It’s common to think of adolescents as lumps of clay, unshaped by experience and a true sense of self, and easily molded by whatever forces make the deepest impression. But Nat Faxon and Jim Rash, the writer-director team behind The Way, Way Back, appear to have taken the “lump of clay” idea a bit too literally with their 14-year-old hero. Duncan (played by Liam James) spends half the movie wearing an expression somewhere between mopey and eerily absent, as if he’s gone beyond ordinary teenage malaise and half-checked out of consciousness altogether. The best he can manage is an a cappella mumbling of an REO Speedwagon song spilling out of his iPod, but among family and even sympathetic peers, it’s either monosyllabic answers or lights-out altogether. It would be one thing if Duncan were merely an unformed mass of quirks and emotions, but he’s such a blank that it’s a wonder why anyone takes an interest in him, the audience included.
The center doesn’t hold in The Way, Way Back, and neither does the bulk of the movie, a coming-of-age comedy-drama that’s part The Ice Storm, part The Graduate, and wholly workshopped to death. The title refers to the back-facing rear seat of an old-fashioned Buick station wagon that shuttles Duncan to summer-vacation hell. Rebounding from a divorce, Duncan’s mother Pam (Toni Collette) wants him to bond with her boyfriend Trent (Steve Carell) and Trent’s stuck-up daughter Katy (Ava Deluca-Verley), but Trent is an overbearing scold who tries too hard to assert himself as the boy’s new father. Girl-next-door Susanna (AnnaSophia Robb) sees something in this inarticulate blob of a kid, but Duncan doesn’t show any real signs of life until he meets Owen (Sam Rockwell), the goofball proprietor of a dilapidated water park named Water Wizz. When Duncan gets a job at the park, he finds a warm surrogate family to take him away from his dysfunctional real one.
Rockwell was given the latitude to turn Owen into an affable variation on the eccentric man-children he’s played from Box Of Moonlight to Seven Psychopaths, and he’s by far the best thing about The Way, Way Back—so good, in fact, that his splashtown fiefdom suggests another, much better movie. But Owen exists only insofar as he can help Duncan find his way, and that goes double for Susanna, who’s shown as smarter than the other girls primarily because she brings a book to the beach. They’re coming-of-aides, there to assist in Duncan’s emotional development, then ultimately choke on the exhaust as he peels away from them.
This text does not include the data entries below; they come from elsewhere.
theorem lemma3p4:
  fixes L C :: real
    and \<Phi> :: "real \<Rightarrow> real"
    and u0 u1 :: "real \<Rightarrow> real"
    and u0n u1n :: "nat \<Rightarrow> real \<Rightarrow> real"
    and \<Phi>n :: "nat \<Rightarrow> real \<Rightarrow> real"
    and u :: "nat \<Rightarrow> real \<Rightarrow> real \<Rightarrow> real"
  assumes L_pos: "L > 0"
    and Phi_cont: "continuous_on UNIV \<Phi>"
    and Phi_diff: "\<forall>x. x \<notin> {-1, 1} \<longrightarrow> \<Phi> differentiable (at x)"
    and Phi_C1: "continuous_on (UNIV - {-1, 1}) (deriv \<Phi>)"
    and Phi_const_left: "\<forall>x. x \<le> -1 \<longrightarrow> \<Phi> x = \<Phi> (-1)"
    and Phi_const_right: "\<forall>x. x \<ge> 1 \<longrightarrow> \<Phi> x = \<Phi> 1"
    and Phi_convex: "convex_on {-1..1} \<Phi>"
    and Phi_decr: "\<forall>x y. -1 \<le> x \<longrightarrow> x \<le> y \<longrightarrow> y \<le> 0 \<longrightarrow> \<Phi> y \<le> \<Phi> x"
    and Phi_incr: "\<forall>x y. 0 \<le> x \<longrightarrow> x \<le> y \<longrightarrow> y \<le> 1 \<longrightarrow> \<Phi> x \<le> \<Phi> y"
    and u0_H1: "H1 L u0"
    and u1_L2: "L2 L u1"
    and u0n_smooth: "\<forall>n. smooth_on_interval 0 L (u0n n)"
    and u1n_smooth: "\<forall>n. smooth_on_interval 0 L (u1n n)"
    and Phin_smooth: "\<forall>n. smooth_fun (\<Phi>n n)"
    and u0n_conv: "(\<lambda>n. H1norm L (\<lambda>x. u0n n x - u0 x)) \<longlonglongrightarrow> 0"
    and u1n_conv: "(\<lambda>n. L2norm L (\<lambda>x. u1n n x - u1 x)) \<longlonglongrightarrow> 0"
    and Phin_unif: "uniform_limit UNIV \<Phi>n \<Phi> sequentially"
    and Phin'_pointwise: "\<forall>x. x \<notin> {-1, 1} \<longrightarrow> (\<lambda>n. deriv (\<Phi>n n) x) \<longlonglongrightarrow> deriv \<Phi> x"
    and Phin'_unif: "\<forall>\<epsilon>>0. uniform_limit (UNIV - ({-1-\<epsilon><..<-1+\<epsilon>} \<union> {1-\<epsilon><..<1+\<epsilon>}))
                              (\<lambda>n. deriv (\<Phi>n n)) (deriv \<Phi>) sequentially"
    and Phin'_zero: "\<forall>\<epsilon>>0. \<forall>n x. \<bar>x\<bar> \<ge> 1 + \<epsilon> \<longrightarrow> deriv (\<Phi>n n) x = 0"
    and C_pos: "C > 0"
    and u0n_bound: "\<forall>n. H1norm L (u0n n) \<le> C"
    and u1n_bound: "\<forall>n. L2norm L (u1n n) \<le> C"
    and Phin_bound: "\<forall>n x. 0 \<le> \<Phi>n n x \<and> \<Phi>n n x \<le> C"
    and Phin'_bound: "\<forall>n x. \<bar>deriv (\<Phi>n n) x\<bar> \<le> C"
    and u0n_neumann: "\<forall>n. (u0n n has_real_derivative 0) (at 0 within {0..L}) \<and>
                          (u0n n has_real_derivative 0) (at L within {0..L})"
    and u1n_bc: "\<forall>n. u1n n 0 = 0 \<and> u1n n L = 0"
    and u_sol: "\<forall>n. classical_solution L (\<Phi>n n) (u0n n) (u1n n) (u n)"
  shows "\<forall>T>0. \<exists>M. \<forall>n. \<forall>t\<in>{0..T}. L2norm L (u n t) \<le> M"
proof (intro allI impI)
  fix T :: real
  assume T: "T > 0"
  define M where "M = sqrt (exp T * (C\<^sup>2 + 2 * C\<^sup>2 + 2 * C\<^sup>2 * T\<^sup>2 * L))"
  have "L2norm L (u n t) \<le> M" if t: "t \<in> {0..T}" for n t
  proof -
    obtain ut ux utt uxx where strip: "neumann_wave_strip L T (deriv (\<Phi>n n)) (u n) ut ux utt uxx"
      and init: "\<And>x. x \<in> {0..L} \<Longrightarrow> u n 0 x = u0n n x \<and> ut 0 x = u1n n x"
      using classical_solution_neumann_wave_strip[OF u_sol[rule_format, of n] L_pos T
          continuous_on_deriv_if_smooth_fun[OF Phin_smooth[rule_format, of n]]] by blast
    have "integral {0..L} (\<lambda>x. (u n t x)\<^sup>2) \<le> exp T * (integral {0..L} (\<lambda>x. (u n 0 x)\<^sup>2)
        + 2 * integral {0..L} (\<lambda>x. (ut 0 x)\<^sup>2) + 2 * C\<^sup>2 * T\<^sup>2 * L)"
      using neumann_wave_strip.integral_square_bound[OF strip] Phin'_bound t by blast
    also have "\<dots> = exp T * (integral {0..L} (\<lambda>x. (u0n n x)\<^sup>2)
        + 2 * integral {0..L} (\<lambda>x. (u1n n x)\<^sup>2) + 2 * C\<^sup>2 * T\<^sup>2 * L)"
    proof -
      have "integral {0..L} (\<lambda>x. (u n 0 x)\<^sup>2) = integral {0..L} (\<lambda>x. (u0n n x)\<^sup>2)"
        "integral {0..L} (\<lambda>x. (ut 0 x)\<^sup>2) = integral {0..L} (\<lambda>x. (u1n n x)\<^sup>2)"
        using init by (auto intro: integral_cong)
      then show ?thesis by simp
    qed
    also have "\<dots> \<le> exp T * (C\<^sup>2 + 2 * C\<^sup>2 + 2 * C\<^sup>2 * T\<^sup>2 * L)"
      using integral_square_le_if_L2norm_le[OF order_trans[OF L2norm_le_H1norm u0n_bound[rule_format, of n]]]
        integral_square_le_if_L2norm_le[OF u1n_bound[rule_format, of n]]
      by (intro mult_left_mono) auto
    finally show ?thesis
      unfolding L2norm_def M_def by (rule real_sqrt_le_mono)
  qed
  then show "\<exists>M. \<forall>n. \<forall>t\<in>{0..T}. L2norm L (u n t) \<le> M" by blast
qed
lemma card_cosets_tower:
  assumes \<Lambda>: "add_subgroup \<Lambda>" and M: "add_subgroup M" "M \<subseteq> \<Lambda>"
    and \<Gamma>: "add_subgroup \<Gamma>" "\<Gamma> \<subseteq> M" and fin: "finite (cosets \<Lambda> \<Gamma>)"
  shows "card (cosets \<Lambda> \<Gamma>) = card (cosets \<Lambda> M) * card (cosets M \<Gamma>)"
proof -
  note unique = cosets_containing_coset[OF M(1) \<Gamma>]
  have fibre_card: "card {D \<in> cosets \<Lambda> \<Gamma>. D \<subseteq> C} = card (cosets M \<Gamma>)" if C: "C \<in> cosets \<Lambda> M" for C
  proof -
    obtain x where "x \<in> \<Lambda>" "C = (+) x ` M"
      using C unfolding cosets_def by blast
    moreover have "inj_on ((`) ((+) x)) (cosets M \<Gamma>)"
      by (rule inj_onI) (simp add: inj_image_eq_iff)
    ultimately show ?thesis
      by (simp add: cosets_inside_coset[OF \<Lambda> M \<Gamma>] card_image)
  qed
  have "(\<lambda>D. \<Union>{C \<in> cosets \<Lambda> M. D \<subseteq> C}) ` cosets \<Lambda> \<Gamma>
      = (\<lambda>l. \<Union>{C \<in> cosets \<Lambda> M. (+) l ` \<Gamma> \<subseteq> C}) ` \<Lambda>"
    by (simp add: cosets_def[of \<Lambda> \<Gamma>] image_image)
  also have "\<dots> = (\<lambda>l. (+) l ` M) ` \<Lambda>"
    by (rule image_cong) (simp_all add: unique)
  also have "\<dots> = cosets \<Lambda> M"
    by (simp only: cosets_def)
  finally have "finite (cosets \<Lambda> M)"
    by (metis finite_imageI fin)
  \<comment> \<open>Double counting of the pairs \<open>D \<subseteq> C\<close> with \<open>D \<in> \<Lambda>/\<Gamma>\<close> and \<open>C \<in> \<Lambda>/M\<close>.\<close>
  then have "(\<Sum>D\<in>cosets \<Lambda> \<Gamma>. card {C \<in> cosets \<Lambda> M. D \<subseteq> C}) = card (cosets M \<Gamma>) * card (cosets \<Lambda> M)"
    using fin fibre_card by (intro sum_multicount) auto
  moreover have "card {C \<in> cosets \<Lambda> M. D \<subseteq> C} = 1" if "D \<in> cosets \<Lambda> \<Gamma>" for D
    using that unique by (auto simp: cosets_def[of \<Lambda> \<Gamma>])
  ultimately show ?thesis
    by simp
qed

section \<open>Counting points of a discrete group in balls\<close>

lemma countable_if_finite_inter_cball:
  fixes S :: "'a::real_normed_vector set"
  assumes "\<And>r. finite (S \<inter> cball 0 r)"
  shows "countable S"
proof -
  have "S = (\<Union>n::nat. S \<inter> cball 0 (real n))"
    using real_arch_simple by (auto simp: subset_eq)
  also have "countable \<dots>"
    by (rule countable_UN) (auto intro: countable_finite assms)
  finally show ?thesis .
qed

lemma emeasure_lborel_reflection:
  fixes F :: "'a::euclidean_space set"
  assumes [measurable]: "F \<in> sets borel"
  shows "emeasure lborel {x. l - x \<in> F} = emeasure lborel F"
proof -
  have "(lborel :: 'a measure) = distr lborel borel (\<lambda>x. l + (-1) *\<^sub>R x)"
    using lborel_affine[of "-1" l] by (simp add: density_1)
  then have "emeasure lborel F = emeasure (distr lborel borel (\<lambda>x. l - x)) F"
    by simp
  also have "\<dots> = emeasure lborel {x. l - x \<in> F}"
    by (subst emeasure_distr) (auto simp: vimage_def)
  finally show ?thesis ..
qed

lemma nn_integral_emeasure_translates:
  fixes \<Lambda> F A :: "'a::euclidean_space set"
  assumes "countable \<Lambda>" and [measurable]: "F \<in> sets borel" "A \<in> sets borel"
    and fin: "\<And>x. finite {l \<in> \<Lambda>. l - x \<in> F}" and card_eq: "\<And>x. card {l \<in> \<Lambda>. l - x \<in> F} = k"
  shows "(\<integral>\<^sup>+l. emeasure lborel (A \<inter> {x. l - x \<in> F}) \<partial>count_space \<Lambda>) = of_nat k * emeasure lborel A"
proof -
  have translate: "emeasure lborel (A \<inter> {x. l - x \<in> F}) = (\<integral>\<^sup>+x. indicator A x * indicator F (l - x) \<partial>lborel)" for l
  proof -
    have "A \<inter> {x. l - x \<in> F} \<in> sets lborel"
      by measurable
    then have "emeasure lborel (A \<inter> {x. l - x \<in> F}) = (\<integral>\<^sup>+x. indicator (A \<inter> {x. l - x \<in> F}) x \<partial>lborel)"
      by simp
    also have "\<dots> = (\<integral>\<^sup>+x. indicator A x * indicator F (l - x) \<partial>lborel)"
      by (intro nn_integral_cong) (auto simp: indicator_def)
    finally show ?thesis .
  qed
  have count: "(\<integral>\<^sup>+l. indicator A x * indicator F (l - x) \<partial>count_space \<Lambda>) = of_nat k * indicator A x" for x
  proof -
    have "(\<integral>\<^sup>+l. indicator F (l - x) \<partial>count_space \<Lambda>)
        = (\<integral>\<^sup>+l. indicator {l \<in> \<Lambda>. l - x \<in> F} l \<partial>count_space \<Lambda>)"
      by (intro nn_integral_cong) (auto simp: indicator_def)
    also have "\<dots> = emeasure (count_space \<Lambda>) {l \<in> \<Lambda>. l - x \<in> F}"
      by (intro nn_integral_indicator) auto
    also have "\<dots> = of_nat k"
      using fin card_eq by simp
    finally show ?thesis
      by (simp add: nn_integral_cmult mult.commute)
  qed
  have "(\<integral>\<^sup>+l. emeasure lborel (A \<inter> {x. l - x \<in> F}) \<partial>count_space \<Lambda>)
      = (\<integral>\<^sup>+x. \<integral>\<^sup>+l. indicator A x * indicator F (l - x) \<partial>count_space \<Lambda> \<partial>lborel)"
    unfolding translate using \<open>countable \<Lambda>\<close> by (intro nn_integral_count_space_nn_integral[symmetric]) auto
  also have "\<dots> = of_nat k * emeasure lborel A"
    by (simp add: count nn_integral_cmult_indicator)
  finally show ?thesis .
qed

lemma finite_cosets_if_bounded_fundamental_domain:
  fixes \<Lambda> \<Gamma> F :: "'a::real_normed_vector set"
  assumes "add_subgroup \<Lambda>" "add_subgroup \<Gamma>" "\<Gamma> \<subseteq> \<Lambda>" "fundamental_domain \<Gamma> F"
    and "bounded F" and "\<And>r. finite (\<Lambda> \<inter> cball 0 r)"
  shows "finite (cosets \<Lambda> \<Gamma>)"
proof -
  obtain d where "\<forall>x\<in>F. norm x \<le> d"
    using \<open>bounded F\<close> bounded_pos by blast
  then have "finite {l \<in> \<Lambda>. l - 0 \<in> F}"
    by (auto intro: finite_subset[OF _ assms(6)[of d]])
  then show ?thesis
    using bij_betw_finite[OF bij_betw_fundamental_domain_cosets[OF assms(1-4), of 0]] by simp
qed

lemma nn_integral_count_space_indicator_mult:
  assumes "finite (\<Lambda> \<inter> S)"
  shows "(\<integral>\<^sup>+l. indicator S l * c \<partial>count_space \<Lambda>) = of_nat (card (\<Lambda> \<inter> S)) * c"
proof -
  have "(\<integral>\<^sup>+l. indicator S l \<partial>count_space \<Lambda>) = (\<integral>\<^sup>+l. indicator (\<Lambda> \<inter> S) l \<partial>count_space \<Lambda>)"
    by (intro nn_integral_cong) (auto simp: indicator_def)
  also have "\<dots> = emeasure (count_space \<Lambda>) (\<Lambda> \<inter> S)"
    by (intro nn_integral_indicator) auto
  finally show ?thesis
    using assms by (simp add: nn_integral_multc)
qed

lemma emeasure_inter_reflected_translate_le:
  fixes F :: "'a::euclidean_space set"
  assumes [measurable]: "F \<in> sets borel" and Fd: "F \<subseteq> cball 0 d"
  shows "emeasure lborel (cball 0 (R - d) \<inter> {x. l - x \<in> F}) \<le> indicator (cball 0 R) l * emeasure lborel F"
proof (cases "norm l \<le> R")
  case True
  have "emeasure lborel (cball 0 (R - d) \<inter> {x. l - x \<in> F}) \<le> emeasure lborel {x. l - x \<in> F}"
    by (rule emeasure_mono) auto
  then show ?thesis
    using True by (simp add: emeasure_lborel_reflection)
next
  case False
  have "cball 0 (R - d) \<inter> {x. l - x \<in> F} = {}"
  proof (rule ccontr)
    assume "cball 0 (R - d) \<inter> {x. l - x \<in> F} \<noteq> {}"
    then obtain x where "norm x \<le> R - d" "l - x \<in> F"
      by auto
    moreover have "norm (l - x) \<le> d"
      using Fd \<open>l - x \<in> F\<close> by auto
    ultimately show False
      using False norm_triangle_ineq[of x "l - x"] by simp
  qed
  then show ?thesis by simp
qed

lemma emeasure_inter_reflected_translate_ge:
  fixes F :: "'a::euclidean_space set"
  assumes [measurable]: "F \<in> sets borel" and Fd: "F \<subseteq> cball 0 d"
  shows "indicator (cball 0 R) l * emeasure lborel F \<le> emeasure lborel (cball 0 (R + d) \<inter> {x. l - x \<in> F})"
proof (cases "norm l \<le> R")
  case True
  have "{x. l - x \<in> F} \<subseteq> cball 0 (R + d)"
  proof
    fix x assume "x \<in> {x. l - x \<in> F}"
    then have "norm (l - x) \<le> d"
      using Fd by auto
    then show "x \<in> cball 0 (R + d)"
      using True norm_triangle_ineq4[of l "l - x"] by simp
  qed
  then show ?thesis
    using True by (simp add: emeasure_lborel_reflection Int_absorb1)
qed simp
(* Fix $g\ge2$ and let $F=F^{[g]}$. For every real orthogonal $g\times g$ matrix $U=(u_{jk})$ and every $X=(X_1,\dots,X_g)\in\mathcal D_F$, the tuple $UX=\left(\sum_k u_{1k}X_k,\dots,\sum_k u_{gk}X_k\right)$ lies in $\mathcal D_F$. In particular, $(\pm X_1,\dots,\pm X_g)\in\mathcal D_F$ for every choice of signs.
   Context: $F^{[g]}$ is defined recursively: $F^{[2]}=(\sigma_z,\sigma_x)$ with $\sigma_z=\begin{bmatrix}1&0\\0&-1\end{bmatrix}$, $\sigma_x=\begin{bmatrix}0&1\\1&0\end{bmatrix}$, and if $F^{[g]}=(F_1,\dots,F_g)$ then $F^{[g+1]}=(F_1\otimes\sigma_z,\dots,F_g\otimes\sigma_z,I\otimes\sigma_x)$. For a self-adjoint matrix tuple $A$, $\mathcal D_A=\bigcup_n\{X\in SM_n(\mathbb C)^g: I-\sum_i A_i\otimes X_i\succeq0\}$, where $SM_n(\mathbb C)^g$ is the set of $g$-tuples of self-adjoint $n\times n$ complex matrices. *)

theory Defs
  imports "Jordan_Normal_Form.Matrix" "Jordan_Normal_Form.Conjugate"
begin

definition kron :: "'a::times mat \<Rightarrow> 'a mat \<Rightarrow> 'a mat" where
  "kron A B = mat (dim_row A * dim_row B) (dim_col A * dim_col B)
     (\<lambda>(i,j). A $$ (i div dim_row B, j div dim_col B) * B $$ (i mod dim_row B, j mod dim_col B))"

definition sigma_z :: "complex mat" where
  "sigma_z = mat_of_rows_list 2 [[1, 0], [0, -1]]"

definition sigma_x :: "complex mat" where
  "sigma_x = mat_of_rows_list 2 [[0, 1], [1, 0]]"

text \<open>F^[g] as a list of g matrices (each of size 2^(g-1)); only meaningful for g \<ge> 2.\<close>
fun Fg :: "nat \<Rightarrow> complex mat list" where
  "Fg (Suc (Suc 0)) = [sigma_z, sigma_x]"
| "Fg (Suc (Suc (Suc g))) =
     map (\<lambda>A. kron A sigma_z) (Fg (Suc (Suc g))) @ [kron (1\<^sub>m (2 ^ Suc g)) sigma_x]"
| "Fg _ = []"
Faxon and Rash won an Oscar with Alexander Payne for adapting the screenplay for Payne’s The Descendants, but they don’t share Payne’s gift for evocative visual detail. Where The Descendants brought a rich sense of how ordinary Hawaiians go about their everyday lives in paradise, Faxon and Rash barely make it clear where The Way, Way Back takes place, other than some antiquated beach town that pipes in a lot of 1980s adult-contempo hits. John Bailey’s camera shrugs through a series of indifferently staged scenes that rely too heavily on a name cast and predictable dramatic beats to bring them sputtering to life. There’s a potentially compelling story here about children of divorce and the tentative ways they set about forging their own relationships, but the filmmaking is too rudimentary to draw it out subtly. Faxon and Rash cut Duncan a clear, broad path to growth and perspective, but the audience can see where it's going long before it gets there.